(Above image: Shinjuku Station, Jonouchi Motoharu, 1974)
Waiting/Action on Film
Free and open to the public. Refreshments provided.
Tabu (Miguel Gomez, 2012, 118 min., 35mm)
Aurora, an elderly Portugese woman and her Cap Verdean housekeeper live next door to Pilar, who has made it her aim in life to do good. Not that she receives any gratitude for her efforts – and certainly not from the notoriously mistrustful Aurora, who prefers to spend her remaining years losing her meagre savings at Estoril casino. When the old lady dies, Pilar discovers among her belongings a letter addressed to an old lover. Pilar decides to post the letter, thus ushering in a flashback to the second part of the film – and adventurous amour fou set in colonial Africa. –Berlinale
Class Relations (Jean-Marie Straub and Daniele Huillet, 1984, 126 min., 35mm)
A singular adaptation of Franz Kafka’s unfinished novel, Amerika (1927) by the French avant-garde filmmaker duo, Class Relations tells a story that follows the tradition of the absurdist theater.
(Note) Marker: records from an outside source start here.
(* Let $0\le\beta_1<\beta_2\le\pi$ and let $p=P_2(\beta_1,\beta_2)$, where $P_2(\beta_1,\beta_2)=(0,1)$ if $\beta_1<\frac{\pi}{2}<\beta_2$; $P_2(\beta_1,\beta_2)=P_1(\beta_1,\beta_2)$ if $\beta_2\le\frac{\pi}{2}$; and $P_2(\beta_1,\beta_2)=(-x,y)$ where $(x,y)=P_1(\pi-\beta_2,\pi-\beta_1)$ if $\beta_1\ge\frac{\pi}{2}$. Then the segment $e$ from $(0,0)$ to $p$ satisfies $\beta_1<slope(e)<\beta_2$.
   Context: Slope of the segment from $(0,0)$ to $p\ne(0,0)$: the angle (mod $2\pi$) of the counter-clockwise rotation taking the positive $x$-axis onto the half-line from the origin through $p$. Point rule $P_1(\theta_1,\theta_2)$ for $0\le\theta_1<\theta_2\le\frac{\pi}{2}$, with $d=\lceil\frac{1}{\theta_2-\theta_1}\rceil$: (i) if $\theta_2-\theta_1>\frac{\pi}{4}$: $(1,1)$; (ii) if $\arctan(\frac12)<\theta_2-\theta_1\le\frac{\pi}{4}$: $(1,2)$ if $\theta_1\ge\frac{\pi}{4}$, $(1,1)$ if $\arctan(\frac12)\le\theta_1<\frac{\pi}{4}$, $(2,1)$ if $\theta_1<\arctan(\frac12)$; (iii) if $\theta_2-\theta_1\le\arctan(\frac12)$: $(d,\lfloor\tan(\theta_1)d+1\rfloor)$ if $\theta_2\le\frac{\pi}{4}$, $(1,1)$ if $\theta_1<\frac{\pi}{4}<\theta_2$, $(\lfloor\tan(\frac{\pi}{2}-\theta_2)d+1\rfloor,d)$ if $\theta_1\ge\frac{\pi}{4}$. *)

theory Defs
  imports "HOL-Analysis.Analysis"
begin

definition slope :: "real \<times> real \<Rightarrow> real" where
  "slope p = (THE \<theta>. 0 \<le> \<theta> \<and> \<theta> < 2 * pi \<and>
      fst p = norm p * cos \<theta> \<and> snd p = norm p * sin \<theta>)"

definition P1 :: "real \<Rightarrow> real \<Rightarrow> real \<times> real" where
  "P1 t1 t2 = (let d = real_of_int \<lceil>1 / (t2 - t1)\<rceil> in
     if t2 - t1 > pi / 4 then (1, 1)
     else if arctan (1/2) < t2 - t1 then
       (if t1 \<ge> pi / 4 then (1, 2)
        else if arctan (1/2) \<le> t1 then (1, 1)
        else (2, 1))
     else
       (if t2 \<le> pi / 4 then (d, real_of_int \<lfloor>tan t1 * d + 1\<rfloor>)
        else if t1 < pi / 4 then (1, 1)
        else (real_of_int \<lfloor>tan (pi / 2 - t2) * d + 1\<rfloor>, d)))"

definition P2 :: "real \<Rightarrow> real \<Rightarrow> real \<times> real" where
  "P2 b1 b2 =
     (if b1 < pi / 2 \<and> pi / 2 < b2 then (0, 1)
      else if b2 \<le> pi / 2 then P1 b1 b2
      else (let q = P1 (pi - b2) (pi - b1) in (- fst q, snd q)))"

end

theory Submission
  imports Defs
begin

text \<open>For a window wider than \<open>arctan (1/2)\<close> one of the directions \<open>arctan (1/2)\<close>, \<open>pi/4\<close>,
  \<open>arctan 2\<close> fits, because \<open>pi/4 < 2 * arctan (1/2)\<close>. For a narrow window below \<open>pi/4\<close>,
  \<open>d \<ge> 1 / (t2 - t1)\<close> forces \<open>tan t1 < y/d \<le> tan t1 + 1/d \<le> tan t1 + (t2 - t1) < tan t2\<close>,
  the last step since \<open>tan' \<ge> 1\<close>; above \<open>pi/4\<close> the roles of the coordinates are swapped, and
  the second quadrant is reduced to the first by the reflection \<open>x \<mapsto> -x\<close>.\<close>

lemma slope_polar:
  assumes "r > 0" "0 \<le> t" "t < 2 * pi"
  shows "slope (r * cos t, r * sin t) = t"
  unfolding slope_def
proof (rule the_equality)
  have norm: "norm (r * cos t, r * sin t) = r"
    using \<open>r > 0\<close> by (simp add: norm_Pair power_mult_distrib flip: distrib_left)
  then show "0 \<le> t \<and> t < 2 * pi \<and> fst (r * cos t, r * sin t) = norm (r * cos t, r * sin t) * cos t \<and>
      snd (r * cos t, r * sin t) = norm (r * cos t, r * sin t) * sin t"
    using assms by simp
  fix s
  assume "0 \<le> s \<and> s < 2 * pi \<and> fst (r * cos t, r * sin t) = norm (r * cos t, r * sin t) * cos s \<and>
      snd (r * cos t, r * sin t) = norm (r * cos t, r * sin t) * sin s"
  then have s: "0 \<le> s" "s < 2 * pi" "sin s = sin t \<and> cos s = cos t"
    using norm \<open>r > 0\<close> by auto
  then obtain n :: int where n: "s = t + 2 * pi * n"
    using sin_cos_eq_iff by blast
  have "pi * (-1) < pi * n" "pi * n < pi * 1"
    using s n assms by linarith+
  then have "-1 < real_of_int n" "real_of_int n < 1"
    by (simp_all only: mult_less_cancel_left_pos[OF pi_gt_zero])
  then have "n = 0"
    by linarith
  with n show "s = t" by simp
qed

lemma polar_form_arctan:
  assumes "x > 0"
  obtains r where "r > 0" "(x, y) = (r * cos (arctan (y / x)), r * sin (arctan (y / x)))"
proof
  let ?t = "arctan (y / x)"
  have cos_pos: "cos ?t > 0"
    using arctan_bounded by (intro cos_gt_zero_pi) auto
  with assms show "x / cos ?t > 0" by simp
  have "tan ?t = y / x"
    by (rule tan_arctan)
  then have "sin ?t = y / x * cos ?t"
    using cos_pos by (simp add: tan_def field_simps)
  then show "(x, y) = (x / cos ?t * cos ?t, x / cos ?t * sin ?t)"
    using cos_pos assms by simp
qed

lemma slope_first_quadrant:
  assumes "x > 0" "y \<ge> 0"
  shows "slope (x, y) = arctan (y / x)"
proof -
  obtain r where "r > 0" and xy: "(x, y) = (r * cos (arctan (y / x)), r * sin (arctan (y / x)))"
    using polar_form_arctan \<open>x > 0\<close> by blast
  have "0 \<le> arctan (y / x)"
    using assms by (simp add: zero_le_arctan_iff)
  moreover have "arctan (y / x) < 2 * pi"
    using arctan_ubound[of "y / x"] pi_gt_zero by linarith
  ultimately show ?thesis
    by (subst xy) (rule slope_polar[OF \<open>r > 0\<close>])
qed

lemma slope_second_quadrant:
  assumes "x > 0" "y > 0"
  shows "slope (- x, y) = pi - arctan (y / x)"
proof -
  obtain r where "r > 0" and xy: "(x, y) = (r * cos (arctan (y / x)), r * sin (arctan (y / x)))"
    using polar_form_arctan \<open>x > 0\<close> by blast
  then have "(- x, y) = (r * cos (pi - arctan (y / x)), r * sin (pi - arctan (y / x)))"
    by simp
  moreover have "0 < arctan (y / x)"
    using assms by (simp add: zero_less_arctan_iff)
  then have "0 \<le> pi - arctan (y / x)" "pi - arctan (y / x) < 2 * pi"
    using arctan_ubound[of "y / x"] pi_gt_zero by linarith+
  ultimately show ?thesis
    using slope_polar[OF \<open>r > 0\<close>] by presburger
qed

lemma slope_vertical: "slope (0, 1) = pi / 2"
  using slope_polar[of 1 "pi / 2"] by simp

lemma diff_less_tan_diff:
  assumes "0 \<le> a" "a < b" "b < pi / 2"
  shows "b - a < tan b - tan a"
proof -
  have "DERIV tan x :> inverse ((cos x)\<^sup>2)" if "a \<le> x" "x \<le> b" for x
    using that assms by (intro DERIV_tan) (simp add: cos_gt_zero_pi less_imp_neq[symmetric])
  then obtain z where z: "a < z" "z < b" "tan b - tan a = (b - a) * inverse ((cos z)\<^sup>2)"
    using MVT2[OF \<open>a < b\<close>, of tan "\<lambda>x. inverse ((cos x)\<^sup>2)"] by blast
  have "0 < cos z" "cos z < 1"
    using z assms cos_monotone_0_pi[of 0 z] by (auto intro: cos_gt_zero_pi)
  then have "1 < inverse ((cos z)\<^sup>2)"
    by (simp add: one_less_inverse power_less_one_iff)
  with z show ?thesis by simp
qed

lemma arctan_lattice_point_between:
  assumes "0 \<le> t1" "t1 < t2" "t2 < pi / 2"
  defines "d \<equiv> real_of_int \<lceil>1 / (t2 - t1)\<rceil>"
  defines "y \<equiv> real_of_int \<lfloor>tan t1 * d + 1\<rfloor>"
  shows "0 < d \<and> 0 < y \<and> t1 < arctan (y / d) \<and> arctan (y / d) < t2"
proof -
  have gap: "0 < t2 - t1"
    using assms by simp
  have "1 / (t2 - t1) \<le> d"
    unfolding d_def by (rule le_of_int_ceiling)
  then have "1 \<le> d * (t2 - t1)"
    by (simp add: pos_divide_le_eq[OF gap])
  then have "0 < d"
    using gap zero_less_mult_pos2[of d "t2 - t1"] by linarith
  have inv_d: "1 / d \<le> t2 - t1"
    using \<open>1 \<le> d * (t2 - t1)\<close> by (simp add: pos_divide_le_eq[OF \<open>0 < d\<close>] mult.commute)
  have "0 \<le> tan t1"
    using assms tan_gt_zero[of t1] by (cases "t1 = 0") auto
  have y_bounds: "tan t1 * d < y" "y \<le> tan t1 * d + 1"
    unfolding y_def by linarith+
  moreover have "0 \<le> tan t1 * d"
    using \<open>0 < d\<close> \<open>0 \<le> tan t1\<close> by simp
  ultimately have "0 < y"
    by linarith
  have "tan t1 < y / d" "y / d \<le> tan t1 + 1 / d"
    using y_bounds \<open>0 < d\<close> by (simp_all add: field_simps)
  moreover have "t2 - t1 < tan t2 - tan t1"
    using assms by (intro diff_less_tan_diff)
  ultimately have "tan t1 < y / d" "y / d < tan t2"
    using inv_d by linarith+
  moreover have "arctan (tan t1) = t1" "arctan (tan t2) = t2"
    using assms by (auto intro!: arctan_tan)
  ultimately show ?thesis
    using \<open>0 < d\<close> \<open>0 < y\<close> arctan_less_iff by metis
qed

lemma arctan_swap_div:
  assumes "x > 0" "y > 0"
  shows "arctan (x / y) = pi / 2 - arctan (y / x)"
  using arctan_inverse[of "y / x"] assms by simp

lemma arctan_half_bounds: "0 < arctan (1 / 2) \<and> arctan (1 / 2) < pi / 4 \<and> pi / 4 < 2 * arctan (1 / 2)"
proof -
  have "arctan (1 / 2) < arctan 1" "arctan 1 < arctan (4 / 3)"
    by (simp_all only: arctan_less_iff)
  moreover have "2 * arctan (1 / 2) = arctan (4 / 3)"
    using arctan_double[of "1 / 2"] by (simp add: power2_eq_square)
  ultimately show ?thesis
    by (simp add: arctan_one)
qed

lemma arctan_P1_between:
  assumes "0 \<le> t1" "t1 < t2" "t2 \<le> pi / 2"
  shows "0 < fst (P1 t1 t2) \<and> 0 < snd (P1 t1 t2) \<and>
    t1 < arctan (snd (P1 t1 t2) / fst (P1 t1 t2)) \<and> arctan (snd (P1 t1 t2) / fst (P1 t1 t2)) < t2"
proof -
  define d where "d = real_of_int \<lceil>1 / (t2 - t1)\<rceil>"
  define x where "x = real_of_int \<lfloor>tan (pi / 2 - t2) * d + 1\<rfloor>"
  define y where "y = real_of_int \<lfloor>tan t1 * d + 1\<rfloor>"
  have narrow_low: "0 < d \<and> 0 < y \<and> t1 < arctan (y / d) \<and> arctan (y / d) < t2"
    if "t2 \<le> pi / 4"
    using arctan_lattice_point_between[of t1 t2] that assms unfolding d_def y_def by simp
  have narrow_high: "0 < x \<and> 0 < d \<and> t1 < arctan (d / x) \<and> arctan (d / x) < t2"
    if "pi / 4 \<le> t1"
  proof -
    have "pi / 2 - t1 - (pi / 2 - t2) = t2 - t1" by simp
    then have "0 < d \<and> 0 < x \<and> pi / 2 - t2 < arctan (x / d) \<and> arctan (x / d) < pi / 2 - t1"
      using arctan_lattice_point_between[of "pi / 2 - t2" "pi / 2 - t1"] that assms
      unfolding d_def x_def by simp
    then show ?thesis
      using arctan_swap_div[of d x] by auto
  qed
  show ?thesis
    using assms arctan_half_bounds narrow_low narrow_high arctan_swap_div[of 2 1]
    unfolding P1_def Let_def d_def[symmetric] x_def[symmetric] y_def[symmetric]
    by (auto simp: arctan_one)
qed

theorem lemma9:
  fixes \<beta>1 \<beta>2 :: real
  assumes "0 \<le> \<beta>1" and "\<beta>1 < \<beta>2" and "\<beta>2 \<le> pi"
  shows "\<beta>1 < slope (P2 \<beta>1 \<beta>2) \<and> slope (P2 \<beta>1 \<beta>2) < \<beta>2"
proof -
  consider "\<beta>1 < pi / 2" "pi / 2 < \<beta>2" | "\<beta>2 \<le> pi / 2" | "pi / 2 \<le> \<beta>1" "pi / 2 < \<beta>2"
    by linarith
  then show ?thesis
  proof cases
    case 1
    then show ?thesis by (simp add: P2_def slope_vertical)
  next
    case 2
    obtain x y where xy: "P1 \<beta>1 \<beta>2 = (x, y)" by fastforce
    with 2 show ?thesis
      using arctan_P1_between[of \<beta>1 \<beta>2] assms slope_first_quadrant[of x y] by (simp add: P2_def)
  next
    case 3
    obtain x y where xy: "P1 (pi - \<beta>2) (pi - \<beta>1) = (x, y)" by fastforce
    with 3 show ?thesis
      using arctan_P1_between[of "pi - \<beta>2" "pi - \<beta>1"] assms slope_second_quadrant[of x y]
      by (simp add: P2_def)
  qed
qed

end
This is a study of re-enactment: the protagonist Karl must adapt to the bizarre environment of the new world and enact his new role as a laborer; enact a good nephew to an uncle he never knew existed; and acknowledging the fact that Kafka never travelled to America in writing the novel, Straub and Huillet re-enact “Amerika” in a tightly controlled environment that they recreated in Germany.
The Life of Juanita Castro (Andy Warhol, 1965, 75 min., 16mm)
“The creative force behind Juanita Castro is not so much Warhol, actually, as Ronnie Tavel, who wrote the script, and acted the key role of the stage manager, and very good he is in both capacities… Tavel reads off lines to be repeated in turn, by Fidel Castro, Raoul Castro, Juanita Castro and Che Guevara. Fidel, Raoul, and Che are played by relatively pretty, Latin-looking girls, Juanita Castro by Marie Menken, an independent film-maker, who in this context, comes over like a lady longshoreman… The whole thing is outrageous… making a comment on a revolution that has long since been consigned to camp. The whole show was given away when word got out that Fidel Castro wanted to be played on the screen by Marlon Brando and Raoul by Frank Sinatra. From that point on, Cuba became the property of Andy Warhol and Ronnie Tavel, and they have made the only valid statement I have seen on the subject in the past several years.” -Andrew Sarris, 1965
Rear Window (Ernie Gehr, 1991, 10 min., 16mm)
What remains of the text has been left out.